▸ **Task details**: Go through the listing below. Copy each line that has the string "finally".

▸ **Material for this exercise**:
lemma ramp_capped_dist_perturb:
  assumes "\<delta> > 0" and "t \<ge> 0" and "0 \<le> \<epsilon>" and shift: "\<bar>s - t\<bar> \<le> \<epsilon>"
    and close: "t \<le> \<delta> \<Longrightarrow> dist u v \<le> \<epsilon>"
  shows "\<bar>ramp \<delta> s * capped_dist x u - ramp \<delta> t * capped_dist x v\<bar> \<le> \<epsilon> / \<delta> + \<epsilon>"
proof -
  have "\<bar>(ramp \<delta> s - ramp \<delta> t) * capped_dist x u\<bar> \<le> \<bar>ramp \<delta> s - ramp \<delta> t\<bar>"
    by (simp add: abs_mult abs_of_nonneg[OF capped_dist_nonneg] mult_left_le capped_dist_le_1)
  also have "\<dots> \<le> \<bar>s - t\<bar> / \<delta>"
    by (rule ramp_lipschitz[OF \<open>\<delta> > 0\<close>])
  also have "\<dots> \<le> \<epsilon> / \<delta>"
    using shift \<open>\<delta> > 0\<close> by (simp add: divide_right_mono)
  finally have time: "\<bar>(ramp \<delta> s - ramp \<delta> t) * capped_dist x u\<bar> \<le> \<epsilon> / \<delta>" .
  have space: "\<bar>ramp \<delta> t * (capped_dist x u - capped_dist x v)\<bar> \<le> \<epsilon>"
  proof (cases "t \<le> \<delta>")
    case True
    have "\<bar>ramp \<delta> t * (capped_dist x u - capped_dist x v)\<bar> \<le> \<bar>capped_dist x u - capped_dist x v\<bar>"
      using ramp_nonneg ramp_le_1[OF \<open>\<delta> > 0\<close> \<open>t \<ge> 0\<close>] by (simp add: abs_mult mult_left_le_one_le)
    also have "\<dots> \<le> dist u v"
      by (rule capped_dist_lipschitz)
    finally show ?thesis
      using close True by linarith
  next
    case False
    then show ?thesis
      using ramp_eq_0[OF \<open>\<delta> > 0\<close>, of t] \<open>0 \<le> \<epsilon>\<close> by simp
  qed
  have "ramp \<delta> s * capped_dist x u - ramp \<delta> t * capped_dist x v
      = (ramp \<delta> s - ramp \<delta> t) * capped_dist x u + ramp \<delta> t * (capped_dist x u - capped_dist x v)"
    by algebra
  then show ?thesis
    using time space by linarith
qed

lemma early_deviation_time_change:
  assumes "\<delta> > 0" and "l \<in> time_changes" and shift: "\<forall>t\<ge>0. \<bar>l t - t\<bar> \<le> \<epsilon>"
    and close: "\<forall>t\<in>{0..\<delta>}. dist (z (l t)) (y t) \<le> \<epsilon>"
  shows "\<bar>early_deviation \<delta> x z - early_deviation \<delta> x y\<bar> \<le> \<epsilon> / \<delta> + \<epsilon>"
proof -
  have onto: "l ` {0..} = {0..}"
    using \<open>l \<in> time_changes\<close> by (simp add: time_changes_def)
  have "early_deviation \<delta> x z = (SUP t\<in>l ` {0..}. ramp \<delta> t * capped_dist x (z t))"
    unfolding early_deviation_def onto ..
  also have "\<dots> = (SUP s\<in>{0..}. ramp \<delta> (l s) * capped_dist x (z (l s)))"
    by (simp add: image_comp)
  finally have reparam: "early_deviation \<delta> x z = (SUP s\<in>{0..}. ramp \<delta> (l s) * capped_dist x (z (l s)))" .
  have "0 \<le> \<epsilon>"
    using shift[rule_format, OF order_refl] abs_ge_zero[of "l 0 - 0"] by linarith
  have "\<bar>(SUP s\<in>{0..}. ramp \<delta> (l s) * capped_dist x (z (l s)))
      - (SUP s\<in>{0..}. ramp \<delta> s * capped_dist x (y s))\<bar> \<le> \<epsilon> / \<delta> + \<epsilon>"
  proof (rule cSUP_abs_diff_le)
    show "bdd_above ((\<lambda>s. ramp \<delta> (l s) * capped_dist x (z (l s))) ` {0..})"
      using onto \<open>\<delta> > 0\<close> by (intro bdd_above_ramp_capped_dist) auto
    show "bdd_above ((\<lambda>s. ramp \<delta> s * capped_dist x (y s)) ` {0..})"
      using \<open>\<delta> > 0\<close> by (rule bdd_above_early_deviation_terms)
    show "\<bar>ramp \<delta> (l s) * capped_dist x (z (l s)) - ramp \<delta> s * capped_dist x (y s)\<bar> \<le> \<epsilon> / \<delta> + \<epsilon>"
      if "s \<in> {0..}" for s
      using that \<open>0 \<le> \<epsilon>\<close> shift close by (intro ramp_capped_dist_perturb[OF \<open>\<delta> > 0\<close>]) auto
  qed auto
  then show ?thesis
    by (simp only: reparam early_deviation_def[of \<delta> x y])
qed

lemma skorokhod_continuous_early_deviation:
  assumes "\<delta> > 0"
  shows "skorokhod_continuous (early_deviation \<delta> x)"
  unfolding skorokhod_continuous_def
proof (intro allI impI, elim conjE)
  fix y and ys :: "nat \<Rightarrow> real \<Rightarrow> 'a"
  assume "skorokhod_conv ys y"
  then obtain ls where ls: "\<forall>n. ls n \<in> time_changes"
    and shift: "\<forall>\<epsilon>>0. eventually (\<lambda>n. \<forall>t\<ge>0. \<bar>ls n t - t\<bar> \<le> \<epsilon>) sequentially"
    and close: "\<forall>T. \<forall>\<epsilon>>0. eventually (\<lambda>n. \<forall>t\<in>{0..T}. dist (ys n (ls n t)) (y t) \<le> \<epsilon>) sequentially"
    unfolding skorokhod_conv_def by blast
  show "(\<lambda>n. early_deviation \<delta> x (ys n)) \<longlonglongrightarrow> early_deviation \<delta> x y"
  proof (rule tendstoI)
    fix \<eta> :: real assume "\<eta> > 0"
    define \<epsilon> where "\<epsilon> = min \<delta> 1 * \<eta> / 3"
    have "\<epsilon> > 0" "\<epsilon> / \<delta> + \<epsilon> < \<eta>"
      using \<open>\<delta> > 0\<close> \<open>\<eta> > 0\<close> by (auto simp: \<epsilon>_def field_simps min_def)
    show "eventually (\<lambda>n. dist (early_deviation \<delta> x (ys n)) (early_deviation \<delta> x y) < \<eta>) sequentially"
      using eventually_conj[OF shift[rule_format, OF \<open>\<epsilon> > 0\<close>] close[rule_format, OF \<open>\<epsilon> > 0\<close>, of \<delta>]]
    proof (rule eventually_mono)
      fix n
      assume "(\<forall>t\<ge>0. \<bar>ls n t - t\<bar> \<le> \<epsilon>) \<and> (\<forall>t\<in>{0..\<delta>}. dist (ys n (ls n t)) (y t) \<le> \<epsilon>)"
      then have "\<bar>early_deviation \<delta> x (ys n) - early_deviation \<delta> x y\<bar> \<le> \<epsilon> / \<delta> + \<epsilon>"
        using early_deviation_time_change[OF \<open>\<delta> > 0\<close> ls[rule_format]] by blast
      then show "dist (early_deviation \<delta> x (ys n)) (early_deviation \<delta> x y) < \<eta>"
        using \<open>\<epsilon> / \<delta> + \<epsilon> < \<eta>\<close> by (simp add: dist_real_def)
    qed
  qed
qed

lemma early_deviation_tendsto_0:
  assumes "cadlag y" and "y 0 = x"
  shows "((\<lambda>\<delta>. early_deviation \<delta> x y) \<longlongrightarrow> 0) (at_right 0)"
proof (rule tendstoI)
  fix \<eta> :: real assume "\<eta> > 0"
  have "(y \<longlongrightarrow> x) (at_right 0)"
    using assms unfolding cadlag_def continuous_within by force
  then have "eventually (\<lambda>t. dist (y t) x < \<eta> / 2) (at_right 0)"
    using \<open>\<eta> > 0\<close> by (intro tendstoD) simp_all
  then obtain b :: real where "b > 0" and near: "\<And>t. 0 < t \<Longrightarrow> t < b \<Longrightarrow> dist (y t) x < \<eta> / 2"
    unfolding eventually_at_right_field by auto
  have "dist (early_deviation \<delta> x y) 0 < \<eta>" if "0 < \<delta>" "\<delta> < b" for \<delta>
  proof -
    have "ramp \<delta> t * capped_dist x (y t) \<le> \<eta> / 2" if "t \<ge> 0" for t
    proof (cases "t < \<delta>")
      case True
      then have "capped_dist x (y t) \<le> \<eta> / 2"
        using near[of t] \<open>\<delta> < b\<close> \<open>t \<ge> 0\<close> \<open>\<eta> > 0\<close> \<open>y 0 = x\<close>
        by (cases "t = 0") (auto simp: capped_dist_def)
      then show ?thesis
        using ramp_nonneg ramp_le_1[OF \<open>0 < \<delta>\<close> \<open>t \<ge> 0\<close>] capped_dist_nonneg
        by (meson mult_left_le_one_le order_trans)
    next
      case False
      then show ?thesis
        using ramp_eq_0[OF \<open>0 < \<delta>\<close>, of t] \<open>\<eta> > 0\<close> by simp
    qed
    then have "early_deviation \<delta> x y \<le> \<eta> / 2"
      unfolding early_deviation_def by (intro cSUP_least) auto
    then show ?thesis
      using early_deviation_nonneg[OF \<open>0 < \<delta>\<close>, of x y] \<open>\<eta> > 0\<close> by (simp add: dist_real_def)
  qed
  then show "eventually (\<lambda>\<delta>. dist (early_deviation \<delta> x y) 0 < \<eta>) (at_right 0)"
    unfolding eventually_at_right_field using \<open>b > 0\<close> by blast
qed

lemma integral_early_deviation_small:
  assumes "prob_space N" and cadlag: "\<And>\<omega>. \<omega> \<in> space N \<Longrightarrow> cadlag (R \<omega>)"
    and start: "AE \<omega> in N. R \<omega> 0 = x" and "\<eta> > 0"
  shows "\<exists>\<delta>>0. (\<integral>\<omega>. early_deviation \<delta> x (R \<omega>) \<partial>N) < \<eta>"
proof (cases "\<forall>\<delta>>0. integrable N (\<lambda>\<omega>. early_deviation \<delta> x (R \<omega>))")
  case False
  \<comment> \<open>A non-integrable function has Bochner integral 0.\<close>
  then show ?thesis
    using not_integrable_integral_eq \<open>\<eta> > 0\<close> by fastforce
next
  case True
  interpret N: prob_space N by fact
  let ?\<delta> = "\<lambda>j::nat. inverse (real (Suc j))"
  have "filterlim ?\<delta> (at_right 0) sequentially"
    by (rule tendsto_imp_filterlim_at_right[OF LIMSEQ_inverse_real_of_nat]) simp
  have "(\<lambda>j. \<integral>\<omega>. early_deviation (?\<delta> j) x (R \<omega>) \<partial>N) \<longlonglongrightarrow> (\<integral>\<omega>. 0 \<partial>N)"
  proof (rule integral_dominated_convergence[where w="\<lambda>_. 1"])
    show "(\<lambda>\<omega>. early_deviation (?\<delta> j) x (R \<omega>)) \<in> borel_measurable N" for j
      using True by (simp add: borel_measurable_integrable)
    show "AE \<omega> in N. (\<lambda>j. early_deviation (?\<delta> j) x (R \<omega>)) \<longlonglongrightarrow> 0"
      using start
    proof (rule AE_mp, intro AE_I2 impI)
      fix \<omega> assume "\<omega> \<in> space N" "R \<omega> 0 = x"
      then show "(\<lambda>j. early_deviation (?\<delta> j) x (R \<omega>)) \<longlonglongrightarrow> 0"
        using filterlim_compose[OF early_deviation_tendsto_0 \<open>filterlim ?\<delta> (at_right 0) sequentially\<close>]
          cadlag by blast
    qed
    show "AE \<omega> in N. norm (early_deviation (?\<delta> j) x (R \<omega>)) \<le> 1" for j
    proof (rule AE_I2)
      fix \<omega>
      have "0 \<le> early_deviation (?\<delta> j) x (R \<omega>)" "early_deviation (?\<delta> j) x (R \<omega>) \<le> 1"
        by (simp_all add: early_deviation_nonneg early_deviation_le_1 del: of_nat_Suc)
      then show "norm (early_deviation (?\<delta> j) x (R \<omega>)) \<le> 1"
        by simp
    qed
  qed simp_all
  then have "eventually (\<lambda>j. (\<integral>\<omega>. early_deviation (?\<delta> j) x (R \<omega>) \<partial>N) < \<eta>) sequentially"
    using \<open>\<eta> > 0\<close> by (intro order_tendstoD(2)) simp_all
  then obtain j where "(\<integral>\<omega>. early_deviation (?\<delta> j) x (R \<omega>) \<partial>N) < \<eta>"
    by (auto simp: eventually_sequentially)
  then show ?thesis
    by (intro exI[of _ "?\<delta> j"]) simp
qed

section \<open>The random walk down the tree\<close>

lemma measure_pair_measure_Times:
  assumes "sigma_finite_measure N" and "A \<in> sets M" and "B \<in> sets N"
  shows "measure (M \<Otimes>\<^sub>M N) (A \<times> B) = measure M A * measure N B"
  using sigma_finite_measure.emeasure_pair_measure_Times[OF assms] by (simp add: measure_def enn2real_mult)

lemma prob_space_coin_measure: "prob_space coin_measure"
  unfolding coin_measure_def by (rule prob_space_PiM) (rule prob_space_measure_pmf)

lemma space_coin_measure: "space coin_measure = UNIV"
  by (simp add: coin_measure_def space_PiM)

lemma measurable_walk: "(\<lambda>c. walk c k) \<in> coin_measure \<rightarrow>\<^sub>M count_space UNIV"
proof (induction k)
  case 0
  then show ?case by (simp add: walk_def)
next
  case (Suc k)
  have "(\<lambda>c. c k) \<in> coin_measure \<rightarrow>\<^sub>M measure_pmf (pmf_of_set UNIV)"
    unfolding coin_measure_def by (rule measurable_component_singleton) simp
  then have "(\<lambda>c. \<sigma> @ [c k]) \<in> coin_measure \<rightarrow>\<^sub>M count_space UNIV" for \<sigma>
    by (rule measurable_compose) simp
  then have "(\<lambda>c. walk c k @ [c k]) \<in> coin_measure \<rightarrow>\<^sub>M count_space UNIV"
    by (rule measurable_compose_countable[where f="\<lambda>\<sigma> c. \<sigma> @ [c k]", OF _ Suc.IH])
  then show ?case
    by (simp add: walk_def)
qed

lemma borel_measurable_along_walk:
  assumes "\<And>\<sigma>. Y \<sigma> \<in> borel_measurable M"
  shows "(\<lambda>z. Y (walk (snd z) k) (fst z)) \<in> borel_measurable (M \<Otimes>\<^sub>M coin_measure)"
proof (rule measurable_compose_countable[where f="\<lambda>\<sigma> z. Y \<sigma> (fst z)"])
  show "(\<lambda>z. Y \<sigma> (fst z)) \<in> borel_measurable (M \<Otimes>\<^sub>M coin_measure)" for \<sigma>
    by (rule measurable_compose[OF measurable_fst assms])
  show "(\<lambda>z. walk (snd z) k) \<in> M \<Otimes>\<^sub>M coin_measure \<rightarrow>\<^sub>M count_space UNIV"
    by (rule measurable_compose[OF measurable_snd measurable_walk])
qed

lemma walk_eq_iff: "length \<sigma> = k \<Longrightarrow> walk c k = \<sigma> \<longleftrightarrow> (\<forall>i<k. c i = \<sigma> ! i)"
  by (auto simp: walk_def list_eq_iff_nth_eq)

▸ **Completed exercise**:
  finally have time: "\<bar>(ramp \<delta> s - ramp \<delta> t) * capped_dist x u\<bar> \<le> \<epsilon> / \<delta>" .
    finally show ?thesis
  finally have reparam: "early_deviation \<delta> x z = (SUP s\<in>{0..}. ramp \<delta> (l s) * capped_dist x (z (l s)))" .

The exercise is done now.